• [What the task asks] Gather, from the data below, each line in which the word "lemma" occurs.

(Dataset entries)
***
lemma state_sol_eq:
  "state_sol p m T x0 u y \<Longrightarrow> c \<in> coords m \<Longrightarrow> t \<in> {0..T}
    \<Longrightarrow> y t c = x0 c + (LINT s:{0..t}|lborel. rhs p m (u s) (y s) c)"
  unfolding state_sol_def by force

definition state_rate :: "params \<Rightarrow> nat \<Rightarrow> real \<Rightarrow> (real \<Rightarrow> cidx \<Rightarrow> real) \<Rightarrow> (real \<Rightarrow> coord \<Rightarrow> real)
    \<Rightarrow> coord \<Rightarrow> real \<Rightarrow> real" where
  "state_rate p m T u y c s = indicator {0..T} s * rhs p m (u s) (y s) c"

lemma state_rate_integrable:
  "state_sol p m T x0 u y \<Longrightarrow> 0 \<le> T \<Longrightarrow> c \<in> coords m \<Longrightarrow> integrable lborel (state_rate p m T u y c)"
  unfolding state_sol_def set_integrable_def state_rate_def[abs_def] by force

lemma state_sol_eq_state_rate:
  assumes "state_sol p m T x0 u y" "c \<in> coords m" "t \<in> {0..T}"
  shows "y t c = x0 c + (LINT s:{0..t}|lborel. state_rate p m T u y c s)"
  unfolding state_sol_eq[OF assms] using assms(3)
  by (auto intro!: set_lebesgue_integral_cong simp: state_rate_def)

lemma state_sol_cut_off_measurable:
  assumes "state_sol p m T x0 u y" "0 \<le> T" "c \<in> coords m"
  shows "(\<lambda>t. cut_off T y t c) \<in> borel_measurable lborel"
proof -
  have "cut_off T y t c = indicator {0..T} t * (x0 c + (LINT s:{0..t}|lborel. state_rate p m T u y c s))" for t
    using state_sol_eq_state_rate[OF assms(1,3)] by (cases "t \<in> {0..T}") (auto simp: cut_off_def)
  moreover have "state_rate p m T u y c \<in> borel_measurable lborel"
    using state_rate_integrable[OF assms] by (rule borel_measurable_integrable)
  then have "(\<lambda>t. LINT s:{0..t}|lborel. state_rate p m T u y c s) \<in> borel_measurable lborel"
    by (rule borel_measurable_integral_from_0)
  ultimately show ?thesis
    by (simp del: measurable_lborel1 measurable_lborel2)
qed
***
• [Expected answer]
lemma state_sol_eq:
lemma state_rate_integrable:
lemma state_sol_eq_state_rate:
lemma state_sol_cut_off_measurable:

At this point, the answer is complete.